Stored items
lemma independence_number_le_graph_iso:
  assumes "graph_iso V E W F" and "finite V"
  shows "independence_number V E \<le> independence_number W F"
proof -
  obtain f where f: "bij_betw f V W" and edges: "\<forall>u\<in>V. \<forall>w\<in>V. E u w \<longleftrightarrow> F (f u) (f w)"
    using assms(1) by (auto simp: graph_iso_def)
  obtain S where S: "independent_set V E S" and card_S: "card S = independence_number V E"
    using independence_number_attained[OF assms(2)] .
  have "finite W"
    using bij_betw_finite[OF f] assms(2) by simp
  have image_independent: "independent_set W F (f ` S)"
    unfolding independent_set_def
  proof (intro conjI ballI)
    show "f ` S \<subseteq> W"
      using S f by (auto simp: independent_set_def bij_betw_def)
    fix a b assume "a \<in> f ` S" and "b \<in> f ` S"
    then obtain u w where "u \<in> S" "w \<in> S" and ab: "a = f u" "b = f w" by blast
    with S have "u \<in> V" "w \<in> V" "\<not> E u w" by (auto simp: independent_set_def)
    with edges ab show "\<not> F a b" by simp
  qed
  have "inj_on f S"
    using inj_on_subset[of f V S] f S by (simp add: bij_betw_def independent_set_def)
  then have "card (f ` S) = card S"
    by (rule card_image)
  with card_S card_le_independence_number[OF \<open>finite W\<close> image_independent] show ?thesis
    by simp
qed

lemma independence_number_graph_iso:
  assumes "graph_iso V E W F" and "finite V"
  shows "independence_number V E = independence_number W F"
proof -
  obtain f where "bij_betw f V W"
    using assms(1) by (auto simp: graph_iso_def)
  with assms(2) have "finite W"
    by (simp add: bij_betw_finite)
  show ?thesis
  proof (rule order_antisym)
    show "independence_number V E \<le> independence_number W F"
      using assms by (rule independence_number_le_graph_iso)
    show "independence_number W F \<le> independence_number V E"
      using graph_iso_sym[OF assms(1)] \<open>finite W\<close> by (rule independence_number_le_graph_iso)
  qed
qed

lemma classical_behavior_sum_le_independence_number:
  assumes "finite V" and "p \<in> classical_behaviors V E"
  shows "(\<Sum>v\<in>V. p v) \<le> independence_number V E"
proof -
  obtain M :: "nat measure" and A where "prob_space M" and A_sets: "\<forall>v\<in>V. A v \<in> sets M"
    and A_disj: "\<forall>v\<in>V. \<forall>w\<in>V. E v w \<longrightarrow> A v \<inter> A w = {}"
    and p_A: "\<forall>v\<in>V. p v = measure M (A v)"
    using assms(2) unfolding classical_behaviors_def by blast
  interpret prob_space M by fact
  let ?\<alpha> = "independence_number V E"
  let ?count = "\<lambda>\<omega>. \<Sum>v\<in>V. indicator (A v) \<omega> :: real"
  have count_le: "?count \<omega> \<le> ?\<alpha>" for \<omega>
  proof -
    have "?count \<omega> = card {v\<in>V. \<omega> \<in> A v}"
      using assms(1) by (simp add: indicator_def sum.If_cases Int_def)
    moreover have "independent_set V E {v\<in>V. \<omega> \<in> A v}"
      using A_disj by (auto simp: independent_set_def)
    ultimately show ?thesis
      using card_le_independence_number[OF assms(1)] by simp
  qed
  have integrable: "integrable M (indicator (A v) :: _ \<Rightarrow> real)" if "v \<in> V" for v
    using A_sets that by (auto simp: less_top[symmetric])
  have "(\<Sum>v\<in>V. p v) = (\<Sum>v\<in>V. integral\<^sup>L M (indicator (A v)))"
    using p_A A_sets by (intro sum.cong) auto
  also have "\<dots> = integral\<^sup>L M ?count"
    using integrable by (simp add: Bochner_Integration.integral_sum)
  also have "\<dots> \<le> integral\<^sup>L M (\<lambda>_. real ?\<alpha>)"
    using integrable count_le by (intro integral_mono) auto
  also have "\<dots> = ?\<alpha>"
    by (simp add: prob_space)
  finally show ?thesis .
qed

definition outer :: "(nat \<Rightarrow> complex) \<Rightarrow> nat \<Rightarrow> nat \<Rightarrow> complex" where
  "outer u i j = u i * cnj (u j)"

definition maximally_mixed :: "nat \<Rightarrow> nat \<Rightarrow> nat \<Rightarrow> complex" where
  "maximally_mixed d i j = (if i = j then 1 / of_nat d else 0)"

lemma cmat_mult_outer:
  "cmat_mult d (outer u) (outer w) i j = u i * cnj (w j) * cinner d u w"
  by (simp add: cmat_mult_def outer_def cinner_def sum_distrib_left mult_ac)

lemma projector_outer:
  assumes "cinner d u u = 1"
  shows "projector d (outer u)"
  using assms by (simp add: projector_def hermitian_def cmat_mult_outer outer_def)

lemma sum_maximally_mixed_left:
  assumes "i < d"
  shows "(\<Sum>j<d. maximally_mixed d i j * f j) = f i / of_nat d"
proof -
  have "(\<Sum>j<d. maximally_mixed d i j * f j) = (\<Sum>j<d. if i = j then f j / of_nat d else 0)"
    by (intro sum.cong) (auto simp: maximally_mixed_def)
  then show ?thesis using assms by simp
qed

lemma ctrace_maximally_mixed_outer:
  "ctrace d (cmat_mult d (maximally_mixed d) (outer u)) = cnj (cinner d u u) / of_nat d"
  by (simp add: ctrace_def cmat_mult_def sum_maximally_mixed_left outer_def cinner_def
      sum_divide_distrib mult.commute)

lemma density_operator_maximally_mixed:
  assumes "0 < d"
  shows "density_operator d (maximally_mixed d)"
  unfolding density_operator_def hermitian_def ctrace_def
proof (intro conjI allI impI)
  show "maximally_mixed d i j = cnj (maximally_mixed d j i)" for i j
    by (simp add: maximally_mixed_def)
  show "(\<Sum>i<d. maximally_mixed d i i) = 1"
    using assms by (simp add: maximally_mixed_def)
  fix x :: "nat \<Rightarrow> complex"
  have "(\<Sum>i<d. \<Sum>j<d. cnj (x i) * maximally_mixed d i j * x j) = (\<Sum>i<d. cnj (x i) * x i / of_nat d)"
    by (intro sum.cong refl) (simp add: mult.assoc sum_maximally_mixed_left flip: sum_distrib_left)
  also have "0 \<le> Re \<dots>"
    unfolding Re_sum by (intro sum_nonneg) (simp add: Re_divide)
  finally show "0 \<le> Re (\<Sum>i<d. \<Sum>j<d. cnj (x i) * maximally_mixed d i j * x j)" .
qed

lemma orthogonal_representation_dim_pos:
  assumes "orthogonal_representation V E d \<phi>" and "v \<in> V"
  shows "0 < d"
proof -
  have "cinner d (\<phi> v) (\<phi> v) = 1"
    using assms by (simp add: orthogonal_representation_def)
  then show ?thesis by (cases d) (auto simp: cinner_def)
qed

lemma orthogonal_representation_dim_ge_2:
  assumes "orthogonal_representation V E d \<phi>" and "v \<in> V" and "w \<in> V" and "E v w"
  shows "2 \<le> d"
proof (rule ccontr)
  assume "\<not> 2 \<le> d"
  with orthogonal_representation_dim_pos[OF assms(1,2)] have "d = 1" by simp
  with assms have "cnj (\<phi> v 0) * \<phi> v 0 = 1" and "cnj (\<phi> w 0) * \<phi> w 0 = 1"
    and "cnj (\<phi> v 0) * \<phi> w 0 = 0"
    by (auto simp: orthogonal_representation_def cinner_def)
  then show False by auto
qed

lemma orthogonal_representation_quantum_behavior:
  assumes rep: "orthogonal_representation V E d \<phi>" and "0 < d"
  shows "(\<lambda>v. if v \<in> V then 1 / real d else 0) \<in> quantum_behaviors V E"
  unfolding quantum_behaviors_def
proof (intro CollectI conjI exI ballI allI impI)
  show "behavior V E (\<lambda>v. if v \<in> V then 1 / real d else 0)"
    using \<open>0 < d\<close> orthogonal_representation_dim_ge_2[OF rep]
    by (auto simp: behavior_def field_simps)
  show "density_operator d (maximally_mixed d)"
    using \<open>0 < d\<close> by (rule density_operator_maximally_mixed)
  show "projector d (outer (\<phi> v))" if "v \<in> V" for v
    using rep that by (intro projector_outer) (simp add: orthogonal_representation_def)
  show "cmat_mult d (outer (\<phi> v)) (outer (\<phi> w)) i j = 0" if "v \<in> V" "w \<in> V" "E v w" for v w i j
    using rep that by (simp add: cmat_mult_outer orthogonal_representation_def)
  show "complex_of_real (if v \<in> V then 1 / real d else 0)
      = ctrace d (cmat_mult d (maximally_mixed d) (outer (\<phi> v)))" if "v \<in> V" for v
    using rep that by (simp add: ctrace_maximally_mixed_outer orthogonal_representation_def)
qed

lemma orthogonal_representation_graph_iso:
  assumes "graph_iso V E W F" and "orthogonal_representation V E d \<psi>"
  obtains \<phi> where "orthogonal_representation W F d \<phi>"
proof -
  obtain g where g: "bij_betw g W V" and edges: "\<forall>u\<in>W. \<forall>w\<in>W. F u w \<longleftrightarrow> E (g u) (g w)"
    using graph_iso_sym[OF assms(1)] by (auto simp: graph_iso_def)
  have "orthogonal_representation W F d (\<psi> \<circ> g)"
    using assms(2) g edges by (auto simp: orthogonal_representation_def bij_betw_def)
  then show thesis by (rule that)
qed

theorem theorem2:
  fixes X :: "'x set" and Y :: "'y set" and P :: "'x \<Rightarrow> 'y \<Rightarrow> real"
    and V :: "'v set" and E :: "'v \<Rightarrow> 'v \<Rightarrow> bool"
    and d :: nat and \<psi> :: "'x \<Rightarrow> nat \<Rightarrow> complex"
  assumes "dm_channel X Y P"
    and "simple_graph V E"
    and "graph_iso X (confusable X Y P) V E"
    and "classical_behaviors V E = quantum_behaviors V E"
    and "orthogonal_representation X (confusable X Y P) d \<psi>"
  shows "card X \<le> independence_number X (confusable X Y P) * d"
proof (cases "X = {}")
  case False
  have "finite X" "finite V"
    using assms(1,2) by (auto simp: dm_channel_def simple_graph_def)
  from False obtain x where "x \<in> X" by blast
  with assms(5) have "0 < d"
    by (rule orthogonal_representation_dim_pos)
  have card_V: "card V = card X"
    using assms(3) bij_betw_same_card by (force simp: graph_iso_def)
  obtain \<phi> where "orthogonal_representation V E d \<phi>"
    using orthogonal_representation_graph_iso[OF assms(3,5)] .
  then have "(\<lambda>v. if v \<in> V then 1 / real d else 0) \<in> classical_behaviors V E"
    using \<open>0 < d\<close> assms(4) orthogonal_representation_quantum_behavior by blast
  then have "real (card V) / real d \<le> independence_number V E"
    using classical_behavior_sum_le_independence_number[OF \<open>finite V\<close>] by fastforce
  also have "independence_number V E = independence_number X (confusable X Y P)"
    using independence_number_graph_iso[OF assms(3) \<open>finite X\<close>] by simp
  finally show ?thesis
    using \<open>0 < d\<close> card_V by (simp add: field_simps flip: of_nat_mult)
qed simp

end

# Exercise objective:
Copy exactly the stretch of data above from the line with "using integrable by" through the line with "by (intro sum.cong refl)", and omit all other lines.

# Your solution:
    using integrable by (simp add: Bochner_Integration.integral_sum)
  also have "\<dots> \<le> integral\<^sup>L M (\<lambda>_. real ?\<alpha>)"
    using integrable count_le by (intro integral_mono) auto
  also have "\<dots> = ?\<alpha>"
    by (simp add: prob_space)
  finally show ?thesis .
qed

definition outer :: "(nat \<Rightarrow> complex) \<Rightarrow> nat \<Rightarrow> nat \<Rightarrow> complex" where
  "outer u i j = u i * cnj (u j)"

definition maximally_mixed :: "nat \<Rightarrow> nat \<Rightarrow> nat \<Rightarrow> complex" where
  "maximally_mixed d i j = (if i = j then 1 / of_nat d else 0)"

lemma cmat_mult_outer:
  "cmat_mult d (outer u) (outer w) i j = u i * cnj (w j) * cinner d u w"
  by (simp add: cmat_mult_def outer_def cinner_def sum_distrib_left mult_ac)

lemma projector_outer:
  assumes "cinner d u u = 1"
  shows "projector d (outer u)"
  using assms by (simp add: projector_def hermitian_def cmat_mult_outer outer_def)

lemma sum_maximally_mixed_left:
  assumes "i < d"
  shows "(\<Sum>j<d. maximally_mixed d i j * f j) = f i / of_nat d"
proof -
  have "(\<Sum>j<d. maximally_mixed d i j * f j) = (\<Sum>j<d. if i = j then f j / of_nat d else 0)"
    by (intro sum.cong) (auto simp: maximally_mixed_def)
  then show ?thesis using assms by simp
qed

lemma ctrace_maximally_mixed_outer:
  "ctrace d (cmat_mult d (maximally_mixed d) (outer u)) = cnj (cinner d u u) / of_nat d"
  by (simp add: ctrace_def cmat_mult_def sum_maximally_mixed_left outer_def cinner_def
      sum_divide_distrib mult.commute)

lemma density_operator_maximally_mixed:
  assumes "0 < d"
  shows "density_operator d (maximally_mixed d)"
  unfolding density_operator_def hermitian_def ctrace_def
proof (intro conjI allI impI)
  show "maximally_mixed d i j = cnj (maximally_mixed d j i)" for i j
    by (simp add: maximally_mixed_def)
  show "(\<Sum>i<d. maximally_mixed d i i) = 1"
    using assms by (simp add: maximally_mixed_def)
  fix x :: "nat \<Rightarrow> complex"
  have "(\<Sum>i<d. \<Sum>j<d. cnj (x i) * maximally_mixed d i j * x j) = (\<Sum>i<d. cnj (x i) * x i / of_nat d)"
    by (intro sum.cong refl) (simp add: mult.assoc sum_maximally_mixed_left flip: sum_distrib_left)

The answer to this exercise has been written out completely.